[Stored entries]
# # # # # # #
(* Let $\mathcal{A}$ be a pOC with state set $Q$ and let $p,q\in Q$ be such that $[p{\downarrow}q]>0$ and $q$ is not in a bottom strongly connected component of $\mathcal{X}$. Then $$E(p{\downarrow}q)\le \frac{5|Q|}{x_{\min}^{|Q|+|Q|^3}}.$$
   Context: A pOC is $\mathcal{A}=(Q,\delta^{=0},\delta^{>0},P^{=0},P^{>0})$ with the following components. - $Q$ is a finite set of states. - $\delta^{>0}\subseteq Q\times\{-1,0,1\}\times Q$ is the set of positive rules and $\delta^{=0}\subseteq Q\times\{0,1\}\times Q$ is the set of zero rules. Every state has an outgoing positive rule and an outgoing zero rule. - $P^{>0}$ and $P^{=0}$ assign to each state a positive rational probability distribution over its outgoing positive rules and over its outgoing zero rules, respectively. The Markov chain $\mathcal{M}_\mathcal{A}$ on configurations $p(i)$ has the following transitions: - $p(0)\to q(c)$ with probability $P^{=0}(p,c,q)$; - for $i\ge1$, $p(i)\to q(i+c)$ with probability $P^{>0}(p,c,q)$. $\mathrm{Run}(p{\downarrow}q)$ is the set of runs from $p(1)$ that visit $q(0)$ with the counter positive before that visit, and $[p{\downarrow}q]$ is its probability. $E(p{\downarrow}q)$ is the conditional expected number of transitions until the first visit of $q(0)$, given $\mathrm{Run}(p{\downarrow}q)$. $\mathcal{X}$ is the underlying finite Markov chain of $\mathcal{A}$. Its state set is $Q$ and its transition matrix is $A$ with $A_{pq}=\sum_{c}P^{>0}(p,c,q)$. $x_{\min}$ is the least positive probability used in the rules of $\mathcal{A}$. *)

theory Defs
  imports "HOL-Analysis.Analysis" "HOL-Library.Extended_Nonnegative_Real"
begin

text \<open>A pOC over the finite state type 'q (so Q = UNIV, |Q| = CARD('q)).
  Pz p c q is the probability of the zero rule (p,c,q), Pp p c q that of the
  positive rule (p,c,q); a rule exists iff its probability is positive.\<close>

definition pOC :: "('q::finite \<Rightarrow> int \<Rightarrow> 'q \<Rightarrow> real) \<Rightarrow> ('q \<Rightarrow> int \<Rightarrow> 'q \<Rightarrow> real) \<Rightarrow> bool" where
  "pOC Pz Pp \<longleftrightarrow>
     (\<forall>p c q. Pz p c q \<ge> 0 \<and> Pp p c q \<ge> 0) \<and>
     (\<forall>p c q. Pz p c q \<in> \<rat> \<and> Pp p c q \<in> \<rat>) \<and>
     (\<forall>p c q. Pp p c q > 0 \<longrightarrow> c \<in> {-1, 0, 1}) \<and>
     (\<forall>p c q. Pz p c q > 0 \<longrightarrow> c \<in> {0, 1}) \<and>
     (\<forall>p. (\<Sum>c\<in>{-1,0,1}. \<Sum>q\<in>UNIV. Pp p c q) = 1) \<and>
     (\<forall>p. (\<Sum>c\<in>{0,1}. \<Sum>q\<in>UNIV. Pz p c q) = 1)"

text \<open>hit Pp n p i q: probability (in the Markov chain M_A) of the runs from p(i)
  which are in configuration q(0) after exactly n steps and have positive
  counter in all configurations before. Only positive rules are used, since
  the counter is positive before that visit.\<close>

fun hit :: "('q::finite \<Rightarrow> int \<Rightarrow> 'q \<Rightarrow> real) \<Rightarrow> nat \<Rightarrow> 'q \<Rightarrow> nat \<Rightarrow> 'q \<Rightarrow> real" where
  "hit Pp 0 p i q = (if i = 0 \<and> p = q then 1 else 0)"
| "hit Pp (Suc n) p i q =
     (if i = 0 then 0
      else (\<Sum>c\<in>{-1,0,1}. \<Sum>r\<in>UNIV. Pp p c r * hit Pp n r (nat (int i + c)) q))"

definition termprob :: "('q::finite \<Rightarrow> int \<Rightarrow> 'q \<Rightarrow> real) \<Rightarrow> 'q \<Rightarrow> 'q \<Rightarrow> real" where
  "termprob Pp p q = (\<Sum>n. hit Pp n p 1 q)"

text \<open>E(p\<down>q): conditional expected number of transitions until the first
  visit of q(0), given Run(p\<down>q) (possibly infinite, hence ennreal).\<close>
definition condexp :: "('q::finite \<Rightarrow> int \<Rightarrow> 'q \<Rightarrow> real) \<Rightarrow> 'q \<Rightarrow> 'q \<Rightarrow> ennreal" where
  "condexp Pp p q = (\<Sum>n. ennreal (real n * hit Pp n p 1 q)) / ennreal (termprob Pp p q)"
# # # # # # #
PROBLEM DESCRIPTION:
Copy every line in the entries above that has the string "configurations" in it.

PROBLEM SOLUTION:
   Context: A pOC is $\mathcal{A}=(Q,\delta^{=0},\delta^{>0},P^{=0},P^{>0})$ with the following components. - $Q$ is a finite set of states. - $\delta^{>0}\subseteq Q\times\{-1,0,1\}\times Q$ is the set of positive rules and $\delta^{=0}\subseteq Q\times\{0,1\}\times Q$ is the set of zero rules. Every state has an outgoing positive rule and an outgoing zero rule. - $P^{>0}$ and $P^{=0}$ assign to each state a positive rational probability distribution over its outgoing positive rules and over its outgoing zero rules, respectively. The Markov chain $\mathcal{M}_\mathcal{A}$ on configurations $p(i)$ has the following transitions: - $p(0)\to q(c)$ with probability $P^{=0}(p,c,q)$; - for $i\ge1$, $p(i)\to q(i+c)$ with probability $P^{>0}(p,c,q)$. $\mathrm{Run}(p{\downarrow}q)$ is the set of runs from $p(1)$ that visit $q(0)$ with the counter positive before that visit, and $[p{\downarrow}q]$ is its probability. $E(p{\downarrow}q)$ is the conditional expected number of transitions until the first visit of $q(0)$, given $\mathrm{Run}(p{\downarrow}q)$. $\mathcal{X}$ is the underlying finite Markov chain of $\mathcal{A}$. Its state set is $Q$ and its transition matrix is $A$ with $A_{pq}=\sum_{c}P^{>0}(p,c,q)$. $x_{\min}$ is the least positive probability used in the rules of $\mathcal{A}$. *)
  counter in all configurations before. Only positive rules are used, since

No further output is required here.